WHAT IS REQUIRED
Lines below that hold the word "moreover" must be copied in full.

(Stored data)
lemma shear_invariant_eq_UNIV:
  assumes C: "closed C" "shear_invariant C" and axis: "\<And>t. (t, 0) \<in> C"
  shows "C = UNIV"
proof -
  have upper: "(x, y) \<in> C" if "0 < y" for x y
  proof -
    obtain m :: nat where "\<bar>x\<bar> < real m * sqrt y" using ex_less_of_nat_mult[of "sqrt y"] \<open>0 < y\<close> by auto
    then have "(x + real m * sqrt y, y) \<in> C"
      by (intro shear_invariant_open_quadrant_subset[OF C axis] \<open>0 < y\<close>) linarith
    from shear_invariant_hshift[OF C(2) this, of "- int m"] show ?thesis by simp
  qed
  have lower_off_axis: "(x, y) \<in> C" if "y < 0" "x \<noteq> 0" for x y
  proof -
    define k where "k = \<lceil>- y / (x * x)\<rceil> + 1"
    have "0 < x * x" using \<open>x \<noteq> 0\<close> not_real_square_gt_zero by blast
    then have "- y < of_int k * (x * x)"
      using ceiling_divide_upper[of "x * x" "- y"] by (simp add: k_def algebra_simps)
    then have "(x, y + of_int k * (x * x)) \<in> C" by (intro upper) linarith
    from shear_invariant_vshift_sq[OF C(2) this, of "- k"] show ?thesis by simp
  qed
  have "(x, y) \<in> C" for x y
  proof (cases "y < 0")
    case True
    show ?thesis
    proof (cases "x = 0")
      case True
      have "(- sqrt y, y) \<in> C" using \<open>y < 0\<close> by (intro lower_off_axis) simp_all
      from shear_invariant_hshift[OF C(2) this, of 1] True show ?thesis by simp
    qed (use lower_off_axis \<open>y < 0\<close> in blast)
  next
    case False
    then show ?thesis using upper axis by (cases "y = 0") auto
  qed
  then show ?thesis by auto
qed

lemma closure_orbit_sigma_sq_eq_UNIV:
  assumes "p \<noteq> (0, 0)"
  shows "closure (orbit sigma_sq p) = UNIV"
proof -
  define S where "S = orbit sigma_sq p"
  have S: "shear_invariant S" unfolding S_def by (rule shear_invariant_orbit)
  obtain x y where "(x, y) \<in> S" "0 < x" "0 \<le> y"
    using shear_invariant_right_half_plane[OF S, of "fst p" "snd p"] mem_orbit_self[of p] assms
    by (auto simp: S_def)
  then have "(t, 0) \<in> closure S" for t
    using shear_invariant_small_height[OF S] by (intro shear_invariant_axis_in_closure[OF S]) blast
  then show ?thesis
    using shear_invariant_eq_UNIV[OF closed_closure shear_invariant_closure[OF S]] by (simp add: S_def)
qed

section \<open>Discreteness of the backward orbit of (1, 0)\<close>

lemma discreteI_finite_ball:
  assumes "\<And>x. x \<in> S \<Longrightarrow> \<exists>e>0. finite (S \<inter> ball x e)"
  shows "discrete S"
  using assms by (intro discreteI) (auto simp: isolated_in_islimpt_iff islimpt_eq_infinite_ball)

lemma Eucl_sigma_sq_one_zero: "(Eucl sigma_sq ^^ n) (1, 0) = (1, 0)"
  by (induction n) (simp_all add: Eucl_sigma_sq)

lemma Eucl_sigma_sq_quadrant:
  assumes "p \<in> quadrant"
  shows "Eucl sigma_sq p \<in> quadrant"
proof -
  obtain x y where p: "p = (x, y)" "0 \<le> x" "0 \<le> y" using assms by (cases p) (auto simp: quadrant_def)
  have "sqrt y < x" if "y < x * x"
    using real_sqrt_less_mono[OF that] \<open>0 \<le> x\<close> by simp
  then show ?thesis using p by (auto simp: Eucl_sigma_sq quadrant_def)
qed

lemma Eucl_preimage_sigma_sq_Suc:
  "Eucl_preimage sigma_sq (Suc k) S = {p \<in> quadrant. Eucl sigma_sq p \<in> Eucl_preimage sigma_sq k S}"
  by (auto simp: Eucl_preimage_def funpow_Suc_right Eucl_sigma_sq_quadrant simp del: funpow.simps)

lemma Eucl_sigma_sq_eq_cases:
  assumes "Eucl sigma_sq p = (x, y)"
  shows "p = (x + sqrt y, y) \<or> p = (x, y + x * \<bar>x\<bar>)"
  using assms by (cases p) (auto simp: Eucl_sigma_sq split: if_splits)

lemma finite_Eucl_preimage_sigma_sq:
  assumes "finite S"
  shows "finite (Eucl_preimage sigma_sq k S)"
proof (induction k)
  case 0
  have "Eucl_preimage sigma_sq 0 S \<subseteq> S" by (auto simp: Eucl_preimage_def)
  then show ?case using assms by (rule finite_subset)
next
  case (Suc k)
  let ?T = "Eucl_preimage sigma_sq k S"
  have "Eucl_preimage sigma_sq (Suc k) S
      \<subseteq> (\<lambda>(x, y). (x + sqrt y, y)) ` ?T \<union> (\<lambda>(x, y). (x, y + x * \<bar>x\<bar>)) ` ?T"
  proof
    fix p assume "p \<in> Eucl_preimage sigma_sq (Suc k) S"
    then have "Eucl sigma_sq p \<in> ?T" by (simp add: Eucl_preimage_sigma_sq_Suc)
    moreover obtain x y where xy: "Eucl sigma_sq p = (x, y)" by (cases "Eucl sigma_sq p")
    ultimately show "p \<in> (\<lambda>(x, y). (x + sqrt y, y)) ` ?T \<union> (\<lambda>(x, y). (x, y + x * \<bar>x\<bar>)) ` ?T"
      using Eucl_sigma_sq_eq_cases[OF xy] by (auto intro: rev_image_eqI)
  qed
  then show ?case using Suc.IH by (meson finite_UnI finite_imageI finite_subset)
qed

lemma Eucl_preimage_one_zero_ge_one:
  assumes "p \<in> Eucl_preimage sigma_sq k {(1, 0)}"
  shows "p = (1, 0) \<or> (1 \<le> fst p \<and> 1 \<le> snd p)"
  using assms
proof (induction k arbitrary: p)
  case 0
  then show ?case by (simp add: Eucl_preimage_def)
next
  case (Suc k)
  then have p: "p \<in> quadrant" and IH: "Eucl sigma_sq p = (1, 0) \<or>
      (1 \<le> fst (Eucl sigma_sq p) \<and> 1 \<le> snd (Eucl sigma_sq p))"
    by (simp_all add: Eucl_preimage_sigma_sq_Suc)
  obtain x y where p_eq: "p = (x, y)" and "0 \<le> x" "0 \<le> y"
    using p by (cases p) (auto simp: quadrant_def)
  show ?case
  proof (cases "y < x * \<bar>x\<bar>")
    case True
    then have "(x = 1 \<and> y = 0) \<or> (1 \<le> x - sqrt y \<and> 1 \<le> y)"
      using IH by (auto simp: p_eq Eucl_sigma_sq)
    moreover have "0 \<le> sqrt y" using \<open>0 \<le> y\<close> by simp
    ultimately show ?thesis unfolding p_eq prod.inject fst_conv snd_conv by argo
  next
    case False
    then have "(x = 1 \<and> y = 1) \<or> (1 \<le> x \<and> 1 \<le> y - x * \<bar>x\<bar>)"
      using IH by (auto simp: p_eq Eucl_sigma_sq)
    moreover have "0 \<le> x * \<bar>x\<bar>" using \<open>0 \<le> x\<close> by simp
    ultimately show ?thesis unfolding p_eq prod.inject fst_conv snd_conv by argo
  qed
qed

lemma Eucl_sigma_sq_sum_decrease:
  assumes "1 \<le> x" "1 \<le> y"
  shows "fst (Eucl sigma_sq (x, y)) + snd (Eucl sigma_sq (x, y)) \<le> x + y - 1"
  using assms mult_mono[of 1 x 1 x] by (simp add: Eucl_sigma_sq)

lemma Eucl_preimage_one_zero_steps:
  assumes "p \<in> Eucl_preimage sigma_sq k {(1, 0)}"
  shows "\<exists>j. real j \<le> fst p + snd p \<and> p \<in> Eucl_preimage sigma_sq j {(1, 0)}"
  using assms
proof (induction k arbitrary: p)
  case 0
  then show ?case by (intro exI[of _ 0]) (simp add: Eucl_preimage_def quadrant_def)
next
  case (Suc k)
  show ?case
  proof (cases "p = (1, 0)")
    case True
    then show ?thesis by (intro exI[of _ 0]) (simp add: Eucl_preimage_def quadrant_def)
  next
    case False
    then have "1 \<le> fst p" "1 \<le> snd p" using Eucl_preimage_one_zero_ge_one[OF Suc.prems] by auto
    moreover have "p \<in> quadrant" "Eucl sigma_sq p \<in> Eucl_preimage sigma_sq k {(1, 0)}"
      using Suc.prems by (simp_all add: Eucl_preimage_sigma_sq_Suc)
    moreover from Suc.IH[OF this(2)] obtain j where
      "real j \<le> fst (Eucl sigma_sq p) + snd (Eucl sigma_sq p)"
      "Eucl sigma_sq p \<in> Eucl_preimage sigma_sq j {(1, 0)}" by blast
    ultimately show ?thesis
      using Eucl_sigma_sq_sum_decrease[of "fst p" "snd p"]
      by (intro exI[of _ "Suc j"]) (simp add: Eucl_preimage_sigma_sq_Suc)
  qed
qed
--
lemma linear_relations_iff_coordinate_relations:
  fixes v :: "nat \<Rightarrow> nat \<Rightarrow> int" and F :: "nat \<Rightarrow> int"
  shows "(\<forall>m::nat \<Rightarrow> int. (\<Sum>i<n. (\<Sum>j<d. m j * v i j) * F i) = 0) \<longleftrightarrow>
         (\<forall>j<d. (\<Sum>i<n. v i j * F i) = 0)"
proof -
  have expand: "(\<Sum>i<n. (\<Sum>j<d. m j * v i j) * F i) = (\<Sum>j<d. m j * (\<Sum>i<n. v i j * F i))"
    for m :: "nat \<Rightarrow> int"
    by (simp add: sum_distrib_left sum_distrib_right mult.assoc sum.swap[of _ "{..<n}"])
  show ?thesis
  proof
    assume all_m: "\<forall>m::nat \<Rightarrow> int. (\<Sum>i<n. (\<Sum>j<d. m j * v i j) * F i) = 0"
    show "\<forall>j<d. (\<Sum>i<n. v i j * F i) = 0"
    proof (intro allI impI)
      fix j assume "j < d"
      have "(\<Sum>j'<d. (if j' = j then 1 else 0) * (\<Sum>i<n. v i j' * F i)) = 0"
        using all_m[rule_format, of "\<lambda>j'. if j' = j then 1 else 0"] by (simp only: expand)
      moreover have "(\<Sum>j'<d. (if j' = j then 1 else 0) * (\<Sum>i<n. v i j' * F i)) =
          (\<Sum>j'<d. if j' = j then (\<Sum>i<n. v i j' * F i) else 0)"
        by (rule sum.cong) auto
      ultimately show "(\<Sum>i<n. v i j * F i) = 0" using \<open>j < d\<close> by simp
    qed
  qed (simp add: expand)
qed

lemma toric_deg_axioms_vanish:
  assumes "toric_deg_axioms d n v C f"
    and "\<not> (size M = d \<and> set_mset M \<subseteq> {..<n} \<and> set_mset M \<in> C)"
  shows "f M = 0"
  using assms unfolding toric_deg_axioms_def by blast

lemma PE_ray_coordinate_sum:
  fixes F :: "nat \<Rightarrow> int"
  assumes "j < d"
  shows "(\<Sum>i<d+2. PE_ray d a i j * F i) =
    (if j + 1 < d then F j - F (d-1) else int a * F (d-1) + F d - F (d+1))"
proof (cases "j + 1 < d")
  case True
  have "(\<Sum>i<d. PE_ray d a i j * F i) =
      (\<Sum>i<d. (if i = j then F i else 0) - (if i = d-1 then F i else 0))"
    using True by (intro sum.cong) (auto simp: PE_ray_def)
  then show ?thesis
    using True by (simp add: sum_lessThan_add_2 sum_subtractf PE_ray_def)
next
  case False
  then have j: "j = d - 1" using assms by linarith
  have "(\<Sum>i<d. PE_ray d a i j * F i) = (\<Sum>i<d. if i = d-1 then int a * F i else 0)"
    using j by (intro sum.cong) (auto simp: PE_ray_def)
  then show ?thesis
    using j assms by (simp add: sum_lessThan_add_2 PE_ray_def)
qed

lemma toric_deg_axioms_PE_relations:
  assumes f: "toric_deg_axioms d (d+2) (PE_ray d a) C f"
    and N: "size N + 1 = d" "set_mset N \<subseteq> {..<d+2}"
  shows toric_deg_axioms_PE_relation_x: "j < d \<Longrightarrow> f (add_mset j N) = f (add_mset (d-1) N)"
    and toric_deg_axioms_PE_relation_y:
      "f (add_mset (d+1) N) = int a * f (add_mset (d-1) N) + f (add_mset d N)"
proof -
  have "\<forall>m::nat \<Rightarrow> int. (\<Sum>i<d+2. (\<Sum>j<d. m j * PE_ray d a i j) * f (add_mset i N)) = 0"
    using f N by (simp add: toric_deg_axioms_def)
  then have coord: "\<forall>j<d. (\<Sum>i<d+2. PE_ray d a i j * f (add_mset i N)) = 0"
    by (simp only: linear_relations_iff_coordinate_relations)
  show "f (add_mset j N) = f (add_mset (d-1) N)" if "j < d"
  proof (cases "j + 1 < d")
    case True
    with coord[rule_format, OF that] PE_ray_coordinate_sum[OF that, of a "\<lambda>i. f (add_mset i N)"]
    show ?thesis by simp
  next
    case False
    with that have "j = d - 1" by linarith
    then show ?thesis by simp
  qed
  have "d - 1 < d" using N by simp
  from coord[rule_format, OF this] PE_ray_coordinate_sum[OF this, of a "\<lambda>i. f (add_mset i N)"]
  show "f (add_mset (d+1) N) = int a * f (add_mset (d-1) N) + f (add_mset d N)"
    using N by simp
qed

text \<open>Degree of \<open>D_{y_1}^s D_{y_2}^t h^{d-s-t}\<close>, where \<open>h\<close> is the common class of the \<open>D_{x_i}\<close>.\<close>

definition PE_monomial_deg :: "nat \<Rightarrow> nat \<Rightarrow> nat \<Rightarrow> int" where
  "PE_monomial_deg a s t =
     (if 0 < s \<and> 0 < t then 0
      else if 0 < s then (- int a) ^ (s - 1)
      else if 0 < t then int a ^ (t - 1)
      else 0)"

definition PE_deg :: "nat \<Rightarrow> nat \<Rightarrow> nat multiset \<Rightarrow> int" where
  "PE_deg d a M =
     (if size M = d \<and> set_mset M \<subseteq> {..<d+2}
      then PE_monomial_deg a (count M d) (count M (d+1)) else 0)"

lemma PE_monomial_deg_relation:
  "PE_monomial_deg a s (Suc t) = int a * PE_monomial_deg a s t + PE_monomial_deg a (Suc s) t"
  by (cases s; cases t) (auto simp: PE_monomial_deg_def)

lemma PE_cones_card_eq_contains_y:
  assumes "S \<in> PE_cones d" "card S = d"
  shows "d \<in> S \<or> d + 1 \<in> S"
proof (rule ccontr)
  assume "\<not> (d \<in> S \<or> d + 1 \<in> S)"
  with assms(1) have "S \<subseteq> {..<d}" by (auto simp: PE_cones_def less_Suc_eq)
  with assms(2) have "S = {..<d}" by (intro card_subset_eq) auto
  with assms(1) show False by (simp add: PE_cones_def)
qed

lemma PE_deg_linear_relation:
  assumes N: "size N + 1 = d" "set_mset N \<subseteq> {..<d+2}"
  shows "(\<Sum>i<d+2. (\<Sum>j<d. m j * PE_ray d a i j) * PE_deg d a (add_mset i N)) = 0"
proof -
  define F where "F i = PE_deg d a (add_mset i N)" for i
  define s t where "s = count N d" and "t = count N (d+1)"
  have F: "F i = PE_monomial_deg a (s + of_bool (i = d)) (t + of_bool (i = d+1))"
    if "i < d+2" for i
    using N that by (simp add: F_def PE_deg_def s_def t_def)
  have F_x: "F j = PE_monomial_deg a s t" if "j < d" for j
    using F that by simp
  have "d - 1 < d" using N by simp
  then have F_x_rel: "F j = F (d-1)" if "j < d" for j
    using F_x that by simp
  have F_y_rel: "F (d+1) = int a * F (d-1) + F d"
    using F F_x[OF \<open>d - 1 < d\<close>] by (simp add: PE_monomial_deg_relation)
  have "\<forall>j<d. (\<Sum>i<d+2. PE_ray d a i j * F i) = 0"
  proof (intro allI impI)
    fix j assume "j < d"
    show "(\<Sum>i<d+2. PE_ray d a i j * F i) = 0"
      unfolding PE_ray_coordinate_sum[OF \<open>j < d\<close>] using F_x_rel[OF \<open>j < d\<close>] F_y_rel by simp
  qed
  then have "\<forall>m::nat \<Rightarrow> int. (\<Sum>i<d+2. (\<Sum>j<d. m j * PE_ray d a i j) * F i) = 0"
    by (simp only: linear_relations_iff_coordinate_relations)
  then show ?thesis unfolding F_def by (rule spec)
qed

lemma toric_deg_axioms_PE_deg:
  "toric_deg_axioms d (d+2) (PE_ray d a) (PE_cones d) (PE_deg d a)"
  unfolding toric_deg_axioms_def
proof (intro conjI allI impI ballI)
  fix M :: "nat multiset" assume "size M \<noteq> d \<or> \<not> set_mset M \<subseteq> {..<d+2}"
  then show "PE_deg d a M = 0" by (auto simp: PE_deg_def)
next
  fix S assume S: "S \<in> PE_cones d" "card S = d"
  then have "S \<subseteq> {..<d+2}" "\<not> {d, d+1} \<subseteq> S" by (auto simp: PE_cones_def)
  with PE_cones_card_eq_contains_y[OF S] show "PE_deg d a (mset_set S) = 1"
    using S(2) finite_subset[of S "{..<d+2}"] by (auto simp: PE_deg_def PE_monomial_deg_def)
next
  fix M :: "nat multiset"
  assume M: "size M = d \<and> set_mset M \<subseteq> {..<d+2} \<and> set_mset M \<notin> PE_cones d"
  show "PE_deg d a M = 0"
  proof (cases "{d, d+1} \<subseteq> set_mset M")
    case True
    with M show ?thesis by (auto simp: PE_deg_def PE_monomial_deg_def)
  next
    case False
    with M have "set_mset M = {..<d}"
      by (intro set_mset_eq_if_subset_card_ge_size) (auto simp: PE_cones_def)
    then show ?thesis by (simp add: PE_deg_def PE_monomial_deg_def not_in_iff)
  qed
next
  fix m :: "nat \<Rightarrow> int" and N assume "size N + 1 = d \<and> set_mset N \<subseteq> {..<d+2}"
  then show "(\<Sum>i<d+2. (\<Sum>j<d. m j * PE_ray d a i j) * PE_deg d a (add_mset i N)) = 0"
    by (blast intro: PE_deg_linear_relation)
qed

TASK ANSWER
    moreover obtain x y where xy: "Eucl sigma_sq p = (x, y)" by (cases "Eucl sigma_sq p")
    moreover have "0 \<le> sqrt y" using \<open>0 \<le> y\<close> by simp
    moreover have "0 \<le> x * \<bar>x\<bar>" using \<open>0 \<le> x\<close> by simp
    moreover have "p \<in> quadrant" "Eucl sigma_sq p \<in> Eucl_preimage sigma_sq k {(1, 0)}"
    moreover from Suc.IH[OF this(2)] obtain j where
      moreover have "(\<Sum>j'<d. (if j' = j then 1 else 0) * (\<Sum>i<n. v i j' * F i)) =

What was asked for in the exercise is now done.